Collected data
________________________________________

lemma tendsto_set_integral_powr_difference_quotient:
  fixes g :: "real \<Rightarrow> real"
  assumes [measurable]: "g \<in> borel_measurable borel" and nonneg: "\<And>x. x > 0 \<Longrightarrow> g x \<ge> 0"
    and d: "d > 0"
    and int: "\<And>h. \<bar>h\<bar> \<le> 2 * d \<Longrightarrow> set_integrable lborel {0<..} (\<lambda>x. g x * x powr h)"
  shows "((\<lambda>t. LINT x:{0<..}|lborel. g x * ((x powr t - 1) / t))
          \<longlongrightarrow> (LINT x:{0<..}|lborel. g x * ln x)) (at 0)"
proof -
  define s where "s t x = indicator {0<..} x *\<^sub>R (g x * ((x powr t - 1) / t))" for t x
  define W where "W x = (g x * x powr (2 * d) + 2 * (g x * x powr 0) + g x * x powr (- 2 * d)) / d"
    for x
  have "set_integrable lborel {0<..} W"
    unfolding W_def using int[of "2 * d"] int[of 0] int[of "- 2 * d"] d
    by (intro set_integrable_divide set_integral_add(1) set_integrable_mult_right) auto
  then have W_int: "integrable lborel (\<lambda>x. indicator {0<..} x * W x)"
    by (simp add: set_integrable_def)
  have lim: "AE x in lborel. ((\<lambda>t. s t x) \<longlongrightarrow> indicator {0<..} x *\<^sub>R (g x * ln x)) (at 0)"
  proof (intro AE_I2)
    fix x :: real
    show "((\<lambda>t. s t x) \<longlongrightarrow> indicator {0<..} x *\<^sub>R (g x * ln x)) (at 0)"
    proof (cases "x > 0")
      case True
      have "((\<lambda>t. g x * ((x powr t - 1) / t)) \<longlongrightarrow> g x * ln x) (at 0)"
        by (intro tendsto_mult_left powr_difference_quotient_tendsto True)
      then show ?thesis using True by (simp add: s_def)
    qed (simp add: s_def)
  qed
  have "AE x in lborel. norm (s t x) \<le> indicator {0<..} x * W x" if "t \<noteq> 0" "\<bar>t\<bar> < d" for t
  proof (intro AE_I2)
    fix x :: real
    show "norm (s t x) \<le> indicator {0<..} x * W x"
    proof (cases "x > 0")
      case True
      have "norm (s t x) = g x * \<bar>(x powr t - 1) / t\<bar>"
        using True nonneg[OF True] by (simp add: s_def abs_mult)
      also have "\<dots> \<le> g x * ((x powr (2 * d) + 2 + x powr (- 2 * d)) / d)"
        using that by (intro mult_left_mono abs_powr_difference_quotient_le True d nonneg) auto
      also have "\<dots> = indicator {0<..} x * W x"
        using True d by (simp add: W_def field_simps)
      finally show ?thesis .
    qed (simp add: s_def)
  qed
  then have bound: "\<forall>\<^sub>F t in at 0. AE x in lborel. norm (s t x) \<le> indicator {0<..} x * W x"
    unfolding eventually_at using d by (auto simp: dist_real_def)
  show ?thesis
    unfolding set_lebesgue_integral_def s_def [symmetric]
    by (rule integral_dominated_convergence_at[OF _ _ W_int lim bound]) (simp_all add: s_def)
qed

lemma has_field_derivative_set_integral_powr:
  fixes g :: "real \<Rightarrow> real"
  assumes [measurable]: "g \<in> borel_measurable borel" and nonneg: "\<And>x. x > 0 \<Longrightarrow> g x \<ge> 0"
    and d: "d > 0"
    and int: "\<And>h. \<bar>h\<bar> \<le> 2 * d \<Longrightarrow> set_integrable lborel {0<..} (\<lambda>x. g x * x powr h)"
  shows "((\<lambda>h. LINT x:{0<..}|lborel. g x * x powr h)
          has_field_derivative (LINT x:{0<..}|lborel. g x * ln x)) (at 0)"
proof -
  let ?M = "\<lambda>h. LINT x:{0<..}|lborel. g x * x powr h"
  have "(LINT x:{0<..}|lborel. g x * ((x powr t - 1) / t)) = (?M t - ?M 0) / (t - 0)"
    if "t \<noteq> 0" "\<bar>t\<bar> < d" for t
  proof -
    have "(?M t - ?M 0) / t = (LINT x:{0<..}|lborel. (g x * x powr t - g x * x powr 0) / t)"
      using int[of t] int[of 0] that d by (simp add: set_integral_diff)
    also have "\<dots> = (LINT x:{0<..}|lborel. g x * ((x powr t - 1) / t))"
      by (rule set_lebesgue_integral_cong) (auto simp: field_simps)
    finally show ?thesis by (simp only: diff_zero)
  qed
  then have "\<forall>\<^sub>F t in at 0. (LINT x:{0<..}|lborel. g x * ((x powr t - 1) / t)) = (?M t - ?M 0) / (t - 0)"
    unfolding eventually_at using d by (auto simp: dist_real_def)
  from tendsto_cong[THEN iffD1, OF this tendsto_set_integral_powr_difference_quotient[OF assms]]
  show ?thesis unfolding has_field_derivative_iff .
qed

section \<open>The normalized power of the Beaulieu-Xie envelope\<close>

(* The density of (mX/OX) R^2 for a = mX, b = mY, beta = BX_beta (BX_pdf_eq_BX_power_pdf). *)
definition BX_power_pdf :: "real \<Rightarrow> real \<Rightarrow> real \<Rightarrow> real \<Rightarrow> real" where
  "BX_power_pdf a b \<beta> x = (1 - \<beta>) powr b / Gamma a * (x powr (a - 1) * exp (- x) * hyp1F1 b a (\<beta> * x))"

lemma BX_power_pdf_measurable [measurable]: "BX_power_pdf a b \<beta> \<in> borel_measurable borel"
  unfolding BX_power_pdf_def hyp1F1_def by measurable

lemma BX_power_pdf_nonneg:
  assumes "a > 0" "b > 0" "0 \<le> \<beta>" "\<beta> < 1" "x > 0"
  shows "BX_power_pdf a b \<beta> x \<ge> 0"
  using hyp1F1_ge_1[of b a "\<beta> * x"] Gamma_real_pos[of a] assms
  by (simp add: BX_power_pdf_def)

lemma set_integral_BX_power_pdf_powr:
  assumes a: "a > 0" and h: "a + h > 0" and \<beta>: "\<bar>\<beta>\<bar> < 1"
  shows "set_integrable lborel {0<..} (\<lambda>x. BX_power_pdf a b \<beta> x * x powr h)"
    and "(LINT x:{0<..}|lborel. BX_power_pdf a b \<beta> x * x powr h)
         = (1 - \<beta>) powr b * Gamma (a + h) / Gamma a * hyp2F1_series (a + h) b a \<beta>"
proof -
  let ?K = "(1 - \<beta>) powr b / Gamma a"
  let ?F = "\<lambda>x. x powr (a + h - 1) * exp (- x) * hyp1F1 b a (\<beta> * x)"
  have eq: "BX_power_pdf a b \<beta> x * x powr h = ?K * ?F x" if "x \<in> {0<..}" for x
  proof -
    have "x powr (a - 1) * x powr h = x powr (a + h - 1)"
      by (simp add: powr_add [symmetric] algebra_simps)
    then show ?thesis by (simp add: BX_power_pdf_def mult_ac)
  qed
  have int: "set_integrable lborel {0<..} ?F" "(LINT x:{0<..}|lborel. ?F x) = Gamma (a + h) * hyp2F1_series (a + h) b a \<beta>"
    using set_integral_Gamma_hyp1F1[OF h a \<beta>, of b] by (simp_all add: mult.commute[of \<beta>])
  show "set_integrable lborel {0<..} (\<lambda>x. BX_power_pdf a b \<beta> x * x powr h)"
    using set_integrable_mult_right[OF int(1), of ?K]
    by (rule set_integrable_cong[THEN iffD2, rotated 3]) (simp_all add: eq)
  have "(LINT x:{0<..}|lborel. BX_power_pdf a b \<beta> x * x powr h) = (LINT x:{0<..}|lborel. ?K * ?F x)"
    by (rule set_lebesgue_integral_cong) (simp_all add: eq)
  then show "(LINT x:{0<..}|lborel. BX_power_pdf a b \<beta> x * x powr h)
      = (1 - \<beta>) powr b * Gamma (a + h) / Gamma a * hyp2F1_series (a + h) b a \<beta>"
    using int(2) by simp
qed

________________________________________

# PROBLEM TO SOLVE
Each line of the data must be written out exactly as it appears.

# RESPONSE TO THE EXERCISE
lemma tendsto_set_integral_powr_difference_quotient:
  fixes g :: "real \<Rightarrow> real"
  assumes [measurable]: "g \<in> borel_measurable borel" and nonneg: "\<And>x. x > 0 \<Longrightarrow> g x \<ge> 0"
    and d: "d > 0"
    and int: "\<And>h. \<bar>h\<bar> \<le> 2 * d \<Longrightarrow> set_integrable lborel {0<..} (\<lambda>x. g x * x powr h)"
  shows "((\<lambda>t. LINT x:{0<..}|lborel. g x * ((x powr t - 1) / t))
          \<longlongrightarrow> (LINT x:{0<..}|lborel. g x * ln x)) (at 0)"
proof -
  define s where "s t x = indicator {0<..} x *\<^sub>R (g x * ((x powr t - 1) / t))" for t x
  define W where "W x = (g x * x powr (2 * d) + 2 * (g x * x powr 0) + g x * x powr (- 2 * d)) / d"
    for x
  have "set_integrable lborel {0<..} W"
    unfolding W_def using int[of "2 * d"] int[of 0] int[of "- 2 * d"] d
    by (intro set_integrable_divide set_integral_add(1) set_integrable_mult_right) auto
  then have W_int: "integrable lborel (\<lambda>x. indicator {0<..} x * W x)"
    by (simp add: set_integrable_def)
  have lim: "AE x in lborel. ((\<lambda>t. s t x) \<longlongrightarrow> indicator {0<..} x *\<^sub>R (g x * ln x)) (at 0)"
  proof (intro AE_I2)
    fix x :: real
    show "((\<lambda>t. s t x) \<longlongrightarrow> indicator {0<..} x *\<^sub>R (g x * ln x)) (at 0)"
    proof (cases "x > 0")
      case True
      have "((\<lambda>t. g x * ((x powr t - 1) / t)) \<longlongrightarrow> g x * ln x) (at 0)"
        by (intro tendsto_mult_left powr_difference_quotient_tendsto True)
      then show ?thesis using True by (simp add: s_def)
    qed (simp add: s_def)
  qed
  have "AE x in lborel. norm (s t x) \<le> indicator {0<..} x * W x" if "t \<noteq> 0" "\<bar>t\<bar> < d" for t
  proof (intro AE_I2)
    fix x :: real
    show "norm (s t x) \<le> indicator {0<..} x * W x"
    proof (cases "x > 0")
      case True
      have "norm (s t x) = g x * \<bar>(x powr t - 1) / t\<bar>"
        using True nonneg[OF True] by (simp add: s_def abs_mult)
      also have "\<dots> \<le> g x * ((x powr (2 * d) + 2 + x powr (- 2 * d)) / d)"
        using that by (intro mult_left_mono abs_powr_difference_quotient_le True d nonneg) auto
      also have "\<dots> = indicator {0<..} x * W x"
        using True d by (simp add: W_def field_simps)
      finally show ?thesis .
    qed (simp add: s_def)
  qed
  then have bound: "\<forall>\<^sub>F t in at 0. AE x in lborel. norm (s t x) \<le> indicator {0<..} x * W x"
    unfolding eventually_at using d by (auto simp: dist_real_def)
  show ?thesis
    unfolding set_lebesgue_integral_def s_def [symmetric]
    by (rule integral_dominated_convergence_at[OF _ _ W_int lim bound]) (simp_all add: s_def)
qed

lemma has_field_derivative_set_integral_powr:
  fixes g :: "real \<Rightarrow> real"
  assumes [measurable]: "g \<in> borel_measurable borel" and nonneg: "\<And>x. x > 0 \<Longrightarrow> g x \<ge> 0"
    and d: "d > 0"
    and int: "\<And>h. \<bar>h\<bar> \<le> 2 * d \<Longrightarrow> set_integrable lborel {0<..} (\<lambda>x. g x * x powr h)"
  shows "((\<lambda>h. LINT x:{0<..}|lborel. g x * x powr h)
          has_field_derivative (LINT x:{0<..}|lborel. g x * ln x)) (at 0)"
proof -
  let ?M = "\<lambda>h. LINT x:{0<..}|lborel. g x * x powr h"
  have "(LINT x:{0<..}|lborel. g x * ((x powr t - 1) / t)) = (?M t - ?M 0) / (t - 0)"
    if "t \<noteq> 0" "\<bar>t\<bar> < d" for t
  proof -
    have "(?M t - ?M 0) / t = (LINT x:{0<..}|lborel. (g x * x powr t - g x * x powr 0) / t)"
      using int[of t] int[of 0] that d by (simp add: set_integral_diff)
    also have "\<dots> = (LINT x:{0<..}|lborel. g x * ((x powr t - 1) / t))"
      by (rule set_lebesgue_integral_cong) (auto simp: field_simps)
    finally show ?thesis by (simp only: diff_zero)
  qed
  then have "\<forall>\<^sub>F t in at 0. (LINT x:{0<..}|lborel. g x * ((x powr t - 1) / t)) = (?M t - ?M 0) / (t - 0)"
    unfolding eventually_at using d by (auto simp: dist_real_def)
  from tendsto_cong[THEN iffD1, OF this tendsto_set_integral_powr_difference_quotient[OF assms]]
  show ?thesis unfolding has_field_derivative_iff .
qed

section \<open>The normalized power of the Beaulieu-Xie envelope\<close>

(* The density of (mX/OX) R^2 for a = mX, b = mY, beta = BX_beta (BX_pdf_eq_BX_power_pdf). *)
definition BX_power_pdf :: "real \<Rightarrow> real \<Rightarrow> real \<Rightarrow> real \<Rightarrow> real" where
  "BX_power_pdf a b \<beta> x = (1 - \<beta>) powr b / Gamma a * (x powr (a - 1) * exp (- x) * hyp1F1 b a (\<beta> * x))"

lemma BX_power_pdf_measurable [measurable]: "BX_power_pdf a b \<beta> \<in> borel_measurable borel"
  unfolding BX_power_pdf_def hyp1F1_def by measurable

lemma BX_power_pdf_nonneg:
  assumes "a > 0" "b > 0" "0 \<le> \<beta>" "\<beta> < 1" "x > 0"
  shows "BX_power_pdf a b \<beta> x \<ge> 0"
  using hyp1F1_ge_1[of b a "\<beta> * x"] Gamma_real_pos[of a] assms
  by (simp add: BX_power_pdf_def)

lemma set_integral_BX_power_pdf_powr:
  assumes a: "a > 0" and h: "a + h > 0" and \<beta>: "\<bar>\<beta>\<bar> < 1"
  shows "set_integrable lborel {0<..} (\<lambda>x. BX_power_pdf a b \<beta> x * x powr h)"
    and "(LINT x:{0<..}|lborel. BX_power_pdf a b \<beta> x * x powr h)
         = (1 - \<beta>) powr b * Gamma (a + h) / Gamma a * hyp2F1_series (a + h) b a \<beta>"
proof -
  let ?K = "(1 - \<beta>) powr b / Gamma a"
  let ?F = "\<lambda>x. x powr (a + h - 1) * exp (- x) * hyp1F1 b a (\<beta> * x)"
  have eq: "BX_power_pdf a b \<beta> x * x powr h = ?K * ?F x" if "x \<in> {0<..}" for x
  proof -
    have "x powr (a - 1) * x powr h = x powr (a + h - 1)"
      by (simp add: powr_add [symmetric] algebra_simps)
    then show ?thesis by (simp add: BX_power_pdf_def mult_ac)
  qed
  have int: "set_integrable lborel {0<..} ?F" "(LINT x:{0<..}|lborel. ?F x) = Gamma (a + h) * hyp2F1_series (a + h) b a \<beta>"
    using set_integral_Gamma_hyp1F1[OF h a \<beta>, of b] by (simp_all add: mult.commute[of \<beta>])
  show "set_integrable lborel {0<..} (\<lambda>x. BX_power_pdf a b \<beta> x * x powr h)"
    using set_integrable_mult_right[OF int(1), of ?K]
    by (rule set_integrable_cong[THEN iffD2, rotated 3]) (simp_all add: eq)
  have "(LINT x:{0<..}|lborel. BX_power_pdf a b \<beta> x * x powr h) = (LINT x:{0<..}|lborel. ?K * ?F x)"
    by (rule set_lebesgue_integral_cong) (simp_all add: eq)
  then show "(LINT x:{0<..}|lborel. BX_power_pdf a b \<beta> x * x powr h)
      = (1 - \<beta>) powr b * Gamma (a + h) / Gamma a * hyp2F1_series (a + h) b a \<beta>"
    using int(2) by simp
qed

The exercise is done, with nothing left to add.